In many ways this is exactly the same issue as surrounds how to properly protect and reward creators of good new ideas. Patents and other intellectual property law attempts to do this by granting temporary monopolies. They are rarely motivated by the idea of a true intellectual property but rather a utilitarian weighing of the benefits to society and the benefits to the creator. In the case of scientific data I think one can make a case that until it is used to make publications it is not public: it is the act of making a public claim that "X is/isn't the case" that makes the data and reasoning leading to the claim a matter of public interest. Before that it is just private knowledge. Afterwards, given the collective nature of science and knowledge, withholding the data will hurt the further development of science that was the whole point of publicly funding the research in the first place. There might be some use for an embargo period to enable publication of multiple papers, but it needs to be kept short to keep legitimate investigations of the data possible.
It might be argued that public funding would imply public ownership of the data before publication, but public ownership does not imply unrestricted access. As a taxpayer I in a sense own some of the fighter jets of my country, but I don't think I have a right to fly one or individually demand that one flies a mission I happen to like. Data access can also be restricted on grounds of privacy of test subjects and maybe on security grounds. But in order to stay consistent with the idea of publicly funded science the data produced should be disseminated. Even privately funded science is often based on the idea of promoting general advancement rather than benefiting a certain group, so it would be contra-productive to lock away the data.
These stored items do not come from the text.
lemma norm_gap_sum_squares:
  assumes "flat j H" and "flat_divisible H x"
  shows "norm_gap j (\<Sum>v\<in>H. (x v)\<^sup>2)"
  using assms
proof (induction j arbitrary: H x rule: less_induct)
  case (less j)
  have ints: "x v \<in> \<int>" if "v \<in> H" for v
    using flat_divisible_Ints[OF less.prems(2) that] that flat_subset[OF less.prems(1)] by blast
  show ?case
  proof (cases "j \<le> 1")
    case True
    then show ?thesis
      using norm_gap_Ints_le_1 ints by blast
  next
    case False
    define k where "k = j - 2"
    have j: "j = Suc (Suc k)"
      using False unfolding k_def by simp
    have H: "flat (Suc (Suc k)) H"
      using less.prems(1) j by simp
    have IH: "norm_gap i (\<Sum>v\<in>F. (y v)\<^sup>2)" if "i \<le> Suc k" "flat i F" "flat_divisible F y" for i F y
      using less.IH[of i F y] that j by simp
    have "norm_gap (Suc (Suc k)) (\<Sum>v\<in>H. (x v)\<^sup>2)"
    proof (cases "\<exists>K. flat (Suc k) K \<and> K \<subseteq> H \<and> (\<Sum>v\<in>K. (x v)\<^sup>2) = 0")
      case True
      then show ?thesis
        using norm_gap_zero_hyperplane[OF _ H _ _ less.prems(2)] IH by blast
    next
      case False
      show ?thesis
      proof (rule norm_gap_nonzero_hyperplanes[OF H])
        show "norm_gap i (\<Sum>v\<in>F. (x v)\<^sup>2)" if "flat i F" "F \<subseteq> H" "i \<le> Suc k" for i F
          using IH that flat_divisible_mono[OF less.prems(2)] by blast
        show "(\<Sum>v\<in>K. (x v)\<^sup>2) \<noteq> 0" if "flat (Suc k) K" "K \<subseteq> H" for K
          using False that by blast
        show "2 * (x v)\<^sup>2 \<noteq> 1" if "v \<in> H" for v
          using Ints_two_mult_square_neq_1[OF ints[OF that]] .
      qed
    qed
    then show ?thesis
      using j by simp
  qed
qed

section \<open>The Barnes--Wall lattice\<close>

lemma flat_divisible_int_combination:
  assumes "finite G" and "\<And>g. g \<in> G \<Longrightarrow> flat_divisible H g"
  shows "flat_divisible H (\<lambda>v. \<Sum>g\<in>G. of_int (c g) * g v)"
  unfolding flat_divisible_def
proof (intro allI impI)
  fix i F
  assume "flat i F" "F \<subseteq> H"
  then have parts: "pow2_dvd (i div 2) (\<Sum>v\<in>F. g v)" if "g \<in> G" for g
    using assms(2)[OF that] unfolding flat_divisible_def by blast
  have "pow2_dvd (i div 2) (\<Sum>g\<in>G. of_int (c g) * (\<Sum>v\<in>F. g v))"
    by (rule pow2_dvd_sum[OF assms(1)]) (rule pow2_dvd_mult_of_int[OF parts])
  then show "pow2_dvd (i div 2) (\<Sum>v\<in>F. \<Sum>g\<in>G. of_int (c g) * g v)"
    by (simp add: sum_distrib_left sum.swap[of _ F])
qed

lemma flat_divisible_scaled_indicator:
  assumes U: "flat r U" and r: "r \<le> M"
  shows "flat_divisible V (\<lambda>v. 2 ^ ((M - r) div 2) * (if v \<in> U then 1 else 0))"
  unfolding flat_divisible_def
proof (intro allI impI)
  fix i F
  assume F: "flat i F" "F \<subseteq> V"
  have "(\<Sum>v\<in>F. (2::real) ^ ((M - r) div 2) * (if v \<in> U then 1 else 0))
      = 2 ^ ((M - r) div 2) * real (card (F \<inter> U))"
    using flat_finite[OF F(1)] by (simp add: sum_distrib_left[symmetric] sum.If_cases Int_def)
  moreover have "pow2_dvd (i div 2) (2 ^ ((M - r) div 2) * real (card (F \<inter> U)))"
  proof (cases "F \<inter> U = {}")
    case False
    obtain t where t: "flat t (F \<inter> U)" "i + r \<le> t + M"
      by (rule flat_inter[OF F(1) U False flat_V F(2) flat_subset[OF U]])
    then have "i div 2 \<le> (M - r) div 2 + t"
      using r by linarith
    then show ?thesis
      using pow2_dvd_power card_flat[OF t(1)] by (simp flip: power_add)
  qed simp
  ultimately show "pow2_dvd (i div 2) (\<Sum>v\<in>F. 2 ^ ((M - r) div 2) * (if v \<in> U then 1 else 0))"
    by simp
qed

end

lemma f2_space_Vm: "f2_space (Vm m) vadd (vzero m) m"
proof
  have length_vadd: "length (vadd u v) = m" if "length u = m" "length v = m" for u v
    using that unfolding vadd_def by simp
  have nth_vadd: "vadd u v ! k = (u ! k \<noteq> v ! k)" if "length u = m" "length v = m" "k < m" for u v k
    using that unfolding vadd_def by simp
  have Vm_lists: "Vm m = {xs. set xs \<subseteq> (UNIV::bool set) \<and> length xs = m}"
    unfolding Vm_def by simp
  show "finite (Vm m)"
    unfolding Vm_lists by (rule finite_lists_length_eq) simp
  show "card (Vm m) = 2 ^ m"
    using card_lists_length_eq[of "UNIV::bool set" m] unfolding Vm_lists by simp
  show "vzero m \<in> Vm m"
    unfolding vzero_def Vm_def by simp
  fix u v w
  assume "u \<in> Vm m" "v \<in> Vm m" "w \<in> Vm m"
  then have "length u = m" "length v = m" "length w = m"
    unfolding Vm_def by simp_all
  then show "vadd (vzero m) u = u" "vadd u u = vzero m" "vadd u v \<in> Vm m" "vadd u v = vadd v u"
    "vadd (vadd u v) w = vadd u (vadd v w)"
    by (auto intro!: nth_equalityI simp: length_vadd nth_vadd vzero_def Vm_def)
qed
If private or commercial research is done for the purpose of gaining an individual advantage I am fine with the idea of it being closed, but the results should also not be taken as seriously as open science: we know that funding bias can be a major factor, and we know that mistakes, biases and misconduct are more common than we would like in science. Open, peer-reviewed publications are likely not enough to guard against this (hence the requirements of publicly registering clinical trials), so data and method sharing might be necessary to make us confident in the results.
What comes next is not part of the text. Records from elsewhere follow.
(* Let $G$ be a finite chordal graph. Then every exposed edge of $G$ is contained in a cycle of $G$ all of whose edges are exposed edges of $G$.
   Context: All graphs are finite, undirected, simple. A graph is chordal if every induced cycle has length three. A facet edge of $G$ is an edge $xy$ such that $\{x,y\}$ is a maximal clique of $G$. An edge of $G$ is exposed if it is contained in a unique maximal clique of $G$ and it is not a facet edge. *)

theory Defs
  imports Main
begin

definition simple_graph :: "'a set \<Rightarrow> ('a \<Rightarrow> 'a \<Rightarrow> bool) \<Rightarrow> bool" where
  "simple_graph V E \<longleftrightarrow> finite V \<and> (\<forall>x y. E x y \<longrightarrow> x \<in> V \<and> y \<in> V)
     \<and> (\<forall>x y. E x y \<longrightarrow> E y x) \<and> (\<forall>x. \<not> E x x)"

definition is_cycle :: "'a set \<Rightarrow> ('a \<Rightarrow> 'a \<Rightarrow> bool) \<Rightarrow> 'a list \<Rightarrow> bool" where
  "is_cycle V E cs \<longleftrightarrow> length cs \<ge> 3 \<and> distinct cs \<and> set cs \<subseteq> V
     \<and> (\<forall>i < length cs. E (cs ! i) (cs ! ((i + 1) mod length cs)))"

definition cycle_edge :: "'a list \<Rightarrow> 'a \<Rightarrow> 'a \<Rightarrow> bool" where
  "cycle_edge cs x y \<longleftrightarrow>
     (\<exists>i < length cs. {x, y} = {cs ! i, cs ! ((i + 1) mod length cs)})"

definition induced_cycle :: "'a set \<Rightarrow> ('a \<Rightarrow> 'a \<Rightarrow> bool) \<Rightarrow> 'a list \<Rightarrow> bool" where
  "induced_cycle V E cs \<longleftrightarrow> is_cycle V E cs
     \<and> (\<forall>i < length cs. \<forall>j < length cs. E (cs ! i) (cs ! j) \<longrightarrow> cycle_edge cs (cs ! i) (cs ! j))"

definition chordal :: "'a set \<Rightarrow> ('a \<Rightarrow> 'a \<Rightarrow> bool) \<Rightarrow> bool" where
  "chordal V E \<longleftrightarrow> (\<forall>cs. induced_cycle V E cs \<longrightarrow> length cs = 3)"

definition clique :: "'a set \<Rightarrow> ('a \<Rightarrow> 'a \<Rightarrow> bool) \<Rightarrow> 'a set \<Rightarrow> bool" where
  "clique V E C \<longleftrightarrow> C \<subseteq> V \<and> (\<forall>x\<in>C. \<forall>y\<in>C. x \<noteq> y \<longrightarrow> E x y)"

definition maximal_clique :: "'a set \<Rightarrow> ('a \<Rightarrow> 'a \<Rightarrow> bool) \<Rightarrow> 'a set \<Rightarrow> bool" where
  "maximal_clique V E C \<longleftrightarrow> clique V E C \<and> (\<forall>D. clique V E D \<and> C \<subseteq> D \<longrightarrow> D = C)"

definition facet_edge :: "'a set \<Rightarrow> ('a \<Rightarrow> 'a \<Rightarrow> bool) \<Rightarrow> 'a \<Rightarrow> 'a \<Rightarrow> bool" where
  "facet_edge V E x y \<longleftrightarrow> E x y \<and> maximal_clique V E {x, y}"

definition exposed_edge :: "'a set \<Rightarrow> ('a \<Rightarrow> 'a \<Rightarrow> bool) \<Rightarrow> 'a \<Rightarrow> 'a \<Rightarrow> bool" where
  "exposed_edge V E x y \<longleftrightarrow> E x y
     \<and> (\<exists>!C. maximal_clique V E C \<and> {x, y} \<subseteq> C)
     \<and> \<not> facet_edge V E x y"

end

theory Submission
  imports Defs
begin

text \<open>
  Edges at a simplicial vertex (one whose neighbourhood is a clique) of degree at least two are
  exposed, and by Dirac's lemma a chordal graph that is not complete has two non-adjacent
  simplicial vertices. So an exposed edge \<open>xy\<close>, which lies in a triangle, misses some simplicial
  vertex \<open>v\<close>. Deleting \<open>v\<close> does not affect exposedness of edges that do not form a triangle
  with \<open>v\<close>, and an edge of such a triangle crossing a vertex set \<open>S\<close> yields an exposed edge at
  \<open>v\<close> crossing \<open>S\<close>. By induction on the number of vertices, every \<open>S\<close> containing \<open>x\<close> but not
  \<open>y\<close> is crossed by an exposed edge other than \<open>xy\<close>. Hence \<open>x\<close> and \<open>y\<close> are joined by a path of
  exposed edges avoiding \<open>xy\<close>, and a shortest one, closed up by \<open>xy\<close>, is the required cycle.
\<close>

lemma
  assumes "simple_graph V E"
  shows simple_graph_sym: "E p q \<Longrightarrow> E q p"
    and simple_graph_irrefl: "\<not> E p p"
    and simple_graph_edge_in: "E p q \<Longrightarrow> p \<in> V \<and> q \<in> V"
    and simple_graph_finite: "finite V"
  using assms unfolding simple_graph_def by blast+

definition walk :: "('a \<Rightarrow> 'a \<Rightarrow> bool) \<Rightarrow> nat \<Rightarrow> (nat \<Rightarrow> 'a) \<Rightarrow> bool" where
  "walk r n f \<longleftrightarrow> (\<forall>i<n. r (f i) (f (Suc i)))"

lemma rtranclp_imp_walk:
  assumes "r\<^sup>*\<^sup>* a b"
  shows "\<exists>n f. f 0 = a \<and> f n = b \<and> walk r n f"
  using assms
proof (induction rule: rtranclp_induct)
  case base
  have "walk r 0 (\<lambda>_. a)" by (simp add: walk_def)
  then show ?case by (intro exI[of _ 0] exI[of _ "\<lambda>_. a"]) simp
next
  case (step b c)
  then obtain n f where "f 0 = a" "f n = b" "walk r n f" by blast
  with step.hyps(2) have "walk r (Suc n) (f(Suc n := c))"
    unfolding walk_def by (auto simp: less_Suc_eq)
  moreover have "(f(Suc n := c)) 0 = a" "(f(Suc n := c)) (Suc n) = c" using \<open>f 0 = a\<close> by simp_all
  ultimately show ?case by blast
qed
I think the key question here is whether science is seen as a fundamentally cooperative or competitive enterprise. Certainly individual researchers compete for money, posts and recognition. Theories equally compete in "the marketplace of ideas". But I think most agree that is at most a means towards a desired end: the growth of systematic, universal knowledge. Keeping data private does not seem to improve the growth as much as allowing it to spread fairly freely. Past climategate revelations have shown that data sharing often happens between "friendly" research groups while the data is withheld from opposing researchers: this goes against the aim of neutrality, and might contribute to groupthink. Sharing information with people we disagree with is central to the scientific process. The way to "win" should be to come up with better ways of getting and understanding the information. That is what we should set up rules to favour, and that is what we as scientists ought to strive for.